In questa frase è riassunto il senso del romanzo, che poi è il senso della crisi del protagonista: il mondo dei grandi, in cui convergono gli sforzi della società e delle persone, è fasullo, competitivo, inautentico, aggressivo, disinteressato, cieco e sordo di fronte all’empatia e alla sensibilità di un ragazzo alto con ciuffi di capelli già bianchi. L’unica soluzione apparentemente disponibile è l’evasione regressiva, una fuga senza voltarsi indietro, senza affetti a radicarlo al suolo né impegni a ricordargli il futuro.

Un campo al tramonto insomma, dove solo alla segale viene chiesto di maturare e crescere nel moto perpetuo delle stagioni, mentre ai bambini è permesso correre senza preoccuparsi di cadere nel precipizio dell’età adulta: l’”acchiappatore” li prenderà al volo.

Solo contro tutti

Incontriamo il giovane Holden alla vigilia della sua quarta espulsione, motivata da scarsi risultati (all’infuori di letteratura inglese) e da una sfilza di richiami in condotta. Per i coetanei e gli adulti è il perfetto disadattato: lavativo, pigro e infantile. Lui a sua volta getta uno sguardo sprezzante sulle persone che conosce e con cui non vuole mescolarsi, tutte tranne Allie, il fratello morto di leucemia a 13 anni, e Phoebe, la sorellina affettuosa e in gamba.
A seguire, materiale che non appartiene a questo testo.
lemma is_path_pair: "a \<noteq> b \<Longrightarrow> a \<in> V \<Longrightarrow> b \<in> V \<Longrightarrow> {a, b} \<in> E \<Longrightarrow> is_path V E [a, b] a b"
  unfolding is_path_def by (auto simp: less_Suc_eq)

lemma is_path_Cons:
  assumes "is_path V E p a b" "c \<in> V" "c \<notin> set p" "{c, a} \<in> E"
  shows "is_path V E (c # p) c b"
proof -
  have "p \<noteq> []" "p ! 0 = a" using assms(1) by (auto simp: is_path_def hd_conv_nth)
  then have "{(c # p) ! k, (c # p) ! Suc k} \<in> E" if "Suc k < length (c # p)" for k
    using assms(1,4) that by (cases k) (auto simp: is_path_def)
  then show ?thesis using assms \<open>p \<noteq> []\<close> unfolding is_path_def by auto
qed

lemma is_path_snoc:
  assumes "is_path V E p a b" "c \<in> V" "c \<notin> set p" "{b, c} \<in> E"
  shows "is_path V E (p @ [c]) a c"
proof -
  have "p \<noteq> []" "p ! (length p - 1) = b" using assms(1) by (auto simp: is_path_def last_conv_nth)
  then have "{(p @ [c]) ! k, (p @ [c]) ! Suc k} \<in> E" if "Suc k < length (p @ [c])" for k
  proof (cases "Suc k < length p")
    case False
    then have "k = length p - 1" using that by simp
    then show ?thesis using assms(4) \<open>p ! (length p - 1) = b\<close> \<open>p \<noteq> []\<close> by (simp add: nth_append)
  qed (use assms(1) in \<open>auto simp: is_path_def nth_append\<close>)
  then show ?thesis using assms \<open>p \<noteq> []\<close> unfolding is_path_def by auto
qed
Si intenerisce invece per gli sconosciuti, li osserva attentamente mentre attraversano distratti il suo mondo ed è così forte il bisogno di creare un legame che delusione e depressione, quando ciò puntualmente non avviene, sono dietro l’angolo. Sembra quasi che nessuno possa condividere la sua condizione esistenziale: di fatto nessuno in tutta la città si interessa alla fine che fanno le anatre di Central Park quando il laghetto gela durante l’inverno.

Le emozioni estreme dell’adolescenza

Il romanzo è il resoconto di qualche giorno di vagabondaggio per le vie ghiacciate di New York, con pochi soldi in tasca e molta solitudine in testa; un carosello di scenari, dall’albergo sordido al locale di jazz fumoso al teatro compunto. In ognuno di questi, l’unica costante è Holden con la sua depressione, la rabbia reattiva, il nervosismo, l’incomprensione, la noia, il desiderio di non esserci più. Di suicidarsi, di non lasciare traccia.

Ma anche i suoi momenti di euforia, la passione per il golf o i libri del fratello D.B. o il ballo, il desiderio di un’amicizia solida, l’interesse accesissimo per le ragazze e il mondo del sesso, la capacità di sintonizzarsi sulle emozioni dell’altro. La richiesta accorata a Allie di non farlo scomparire, di aiutarlo a continuare a camminare.

La sofferenza nel corpo

Piano piano il protagonista inizierà a introdurre la vera origine della sofferenza: non tanto il mondo, verso cui del resto prova astio e repulsione, ma il Sé: «ti capita mai di averne fin sopra i capelli? Di avere paura che tutto vada a finire in modo schifo se non fai qualcosa? Non mi riesce di tirar fuori nulla da nulla, sono fatto male, sono fatto in modo schifo». Dietro alle bugie esagerate, alle provocazioni e alle risposte aggressive c’è un ragazzo sofferente che non sa a chi chiedere aiuto, che forse neanche si rende conto di averne bisogno.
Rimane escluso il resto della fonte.